### PROBLEM TO WORK ON
In the listing that follows, the range to quote begins at the line that has "(real j + 1) \<le>" and ends after the line that has "- ?cm) * (?bp - ?cp)"; quote it verbatim and add nothing.

### THE RECORDS
lemma scaled_weight_symmetric:
  assumes "even n" "j \<le> n"
  shows "scaled_weight n (n - j) = scaled_weight n j"
proof -
  have "2 * (n - j) = 2 * n - 2 * j"
    by simp
  then have "binom_even n (n - j) = binom_even n j"
    using assms binomial_symmetric[of "2 * j" "2 * n"] by (simp add: binom_even_def)
  moreover have "binom_half n (n - j) = binom_half n j"
    using assms binomial_symmetric[of j n] by (simp add: binom_half_def)
  moreover have "even (n - j) \<longleftrightarrow> even j"
    using assms by simp
  ultimately show ?thesis
    by (simp add: scaled_weight_def minus_one_power_iff)
qed

lemma scaled_weight_pos_even:
  assumes "even j" "j \<le> n" "1 \<le> n"
  shows "0 < scaled_weight n j"
  using assms binom_even_pos[of j n] binom_half_nonneg[of n j] by (simp add: scaled_weight_def)

lemma scaled_weight_pos_odd:
  assumes "odd j" "3 \<le> j" "2 * j \<le> n"
  shows "0 < scaled_weight n j"
proof -
  have "35 * binom_half n j \<le> (2 * real n - 3) * (2 * real n - 5) * binom_half n j"
  proof (rule mult_right_mono)
    have "(5::real) * 7 \<le> (2 * real n - 3) * (2 * real n - 5)"
      using assms by (intro mult_mono) auto
    then show "35 \<le> (2 * real n - 3) * (2 * real n - 5)"
      by simp
  qed (use assms binom_half_nonneg in auto)
  then have "binom_half n j < binom_even n j"
    using binom_half_le_binom_even[OF assms(2,3)] binom_even_pos[of j n] assms by linarith
  then show ?thesis
    using assms by (simp add: scaled_weight_def)
qed

lemma scaled_weight_log_concave_even:
  assumes "even j" "1 \<le> j" "j < n"
  shows "scaled_weight n (j - 1) * scaled_weight n (j + 1) \<le> (scaled_weight n j)\<^sup>2"
proof -
  let ?bm = "binom_even n (j - 1)" and ?b = "binom_even n j" and ?bp = "binom_even n (j + 1)"
  let ?cm = "binom_half n (j - 1)" and ?c = "binom_half n j" and ?cp = "binom_half n (j + 1)"
  have sw: "scaled_weight n (j - 1) = ?bm - ?cm" "scaled_weight n (j + 1) = ?bp - ?cp"
    "scaled_weight n j = ?b + ?c"
    using assms by (simp_all add: scaled_weight_def)
  have "?bm * ?bp * (real j + 1) \<le> ?b\<^sup>2 * (real j + 1)"
    using binom_even_log_concave[of j n] assms
    by (smt (verit) mult_left_mono of_nat_0_le_iff zero_le_power2)
  then have b: "?bm * ?bp \<le> ?b\<^sup>2"
    by (rule mult_right_le_imp_le) simp
  have c: "?cm * ?cp \<le> ?c\<^sup>2"
    using binom_half_log_concave[of j n] assms by simp
  have "0 \<le> ?bm * ?cp" "0 \<le> ?cm * ?bp" "0 \<le> ?b * ?c"
    using assms by (simp_all add: binom_even_nonneg binom_half_nonneg)
  moreover have "(?b + ?c)\<^sup>2 - (?bm - ?cm) * (?bp - ?cp)
      = (?b\<^sup>2 - ?bm * ?bp) + (?c\<^sup>2 - ?cm * ?cp) + ?bm * ?cp + ?cm * ?bp + 2 * (?b * ?c)"
    by algebra
  ultimately show ?thesis
    unfolding sw using b c by linarith
qed

lemma scaled_weight_log_concave_odd:
  assumes "odd j" "3 \<le> j" "2 * j \<le> n" "16 \<le> n"
  shows "scaled_weight n (j - 1) * scaled_weight n (j + 1) \<le> (scaled_weight n j)\<^sup>2"
proof -
  let ?bm = "binom_even n (j - 1)" and ?b = "binom_even n j" and ?bp = "binom_even n (j + 1)"
  let ?cm = "binom_half n (j - 1)" and ?c = "binom_half n j" and ?cp = "binom_half n (j + 1)"
  define J N where "J = real j" and "N = real n"
  have sw: "scaled_weight n (j - 1) = ?bm + ?cm" "scaled_weight n (j + 1) = ?bp + ?cp"
    "scaled_weight n j = ?b - ?c"
    using assms by (simp_all add: scaled_weight_def)
  have nonneg: "0 \<le> ?b" "0 \<le> ?c"
    using assms by (simp_all add: binom_even_nonneg binom_half_nonneg)
  have JN: "3 \<le> J" "2 * J \<le> N" "16 \<le> N"
    using assms by (simp_all add: J_def N_def)
  have bb: "?bm * ?bp * (J + 1) \<le> ?b\<^sup>2 * J"
    using binom_even_log_concave[of j n] assms by (simp add: J_def)
  have cc: "?cm * ?cp \<le> ?c\<^sup>2"
    using binom_half_log_concave[of j n] assms by simp
  have bc: "?bm * ?cp \<le> ?b * ?c"
    using binom_even_binom_half_cross_le[of j n] assms by simp
  have cb: "?cm * ?bp * (2 * J + 1) \<le> ?b * ?c * (2 * N - 2 * J)"
    using binom_half_binom_even_cross_le[of j n] assms by (simp add: J_def N_def)
  have small: "?c * ((J + 1) * (2 * N + 4 * J + 3)) \<le> (2 * J + 1) * ?b"
  proof -
    have "15 * (?c * ((J + 1) * (2 * N + 4 * J + 3)))
        = ?c * (15 * (J + 1) * (2 * N + 4 * J + 3))"
      by simp
    also have "\<dots> \<le> ?c * ((2 * J + 1) * (2 * N - 3) * (2 * N - 5))"
      using odd_case_polynomial_bound[OF JN] nonneg by (intro mult_left_mono)
    also have "\<dots> = (2 * J + 1) * ((2 * N - 3) * (2 * N - 5) * ?c)"
      by simp
    also have "\<dots> \<le> (2 * J + 1) * (15 * ?b)"
      using binom_half_le_binom_even[OF assms(2,3)] JN by (intro mult_left_mono) (auto simp: N_def)
    finally show ?thesis
      by simp
  qed
  define P where "P = (J + 1) * (2 * J + 1)"
  have "(2 * J + 1) * (?bm * ?bp * (J + 1)) \<le> (2 * J + 1) * (?b\<^sup>2 * J)"
    "P * (?cm * ?cp) \<le> P * ?c\<^sup>2" "P * (?bm * ?cp) \<le> P * (?b * ?c)"
    "(J + 1) * (?cm * ?bp * (2 * J + 1)) \<le> (J + 1) * (?b * ?c * (2 * N - 2 * J))"
    "?b * (?c * ((J + 1) * (2 * N + 4 * J + 3))) \<le> ?b * ((2 * J + 1) * ?b)"
    using bb cc bc cb small nonneg JN by (simp_all add: P_def mult_left_mono)
  moreover have "P * (?b - ?c)\<^sup>2 - P * ((?bm + ?cm) * (?bp + ?cp))
      = ((2 * J + 1) * (?b\<^sup>2 * J) - (2 * J + 1) * (?bm * ?bp * (J + 1)))
        + (P * ?c\<^sup>2 - P * (?cm * ?cp)) + (P * (?b * ?c) - P * (?bm * ?cp))
        + ((J + 1) * (?b * ?c * (2 * N - 2 * J)) - (J + 1) * (?cm * ?bp * (2 * J + 1)))
        + (?b * ((2 * J + 1) * ?b) - ?b * (?c * ((J + 1) * (2 * N + 4 * J + 3))))"
    unfolding P_def by algebra
  ultimately have "P * ((?bm + ?cm) * (?bp + ?cp)) \<le> P * (?b - ?c)\<^sup>2"
    by linarith
  then show ?thesis
    unfolding sw by (rule mult_left_le_imp_le) (use JN in \<open>simp add: P_def\<close>)
qed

### WRITTEN ANSWER
  have "?bm * ?bp * (real j + 1) \<le> ?b\<^sup>2 * (real j + 1)"
    using binom_even_log_concave[of j n] assms
    by (smt (verit) mult_left_mono of_nat_0_le_iff zero_le_power2)
  then have b: "?bm * ?bp \<le> ?b\<^sup>2"
    by (rule mult_right_le_imp_le) simp
  have c: "?cm * ?cp \<le> ?c\<^sup>2"
    using binom_half_log_concave[of j n] assms by simp
  have "0 \<le> ?bm * ?cp" "0 \<le> ?cm * ?bp" "0 \<le> ?b * ?c"
    using assms by (simp_all add: binom_even_nonneg binom_half_nonneg)
  moreover have "(?b + ?c)\<^sup>2 - (?bm - ?cm) * (?bp - ?cp)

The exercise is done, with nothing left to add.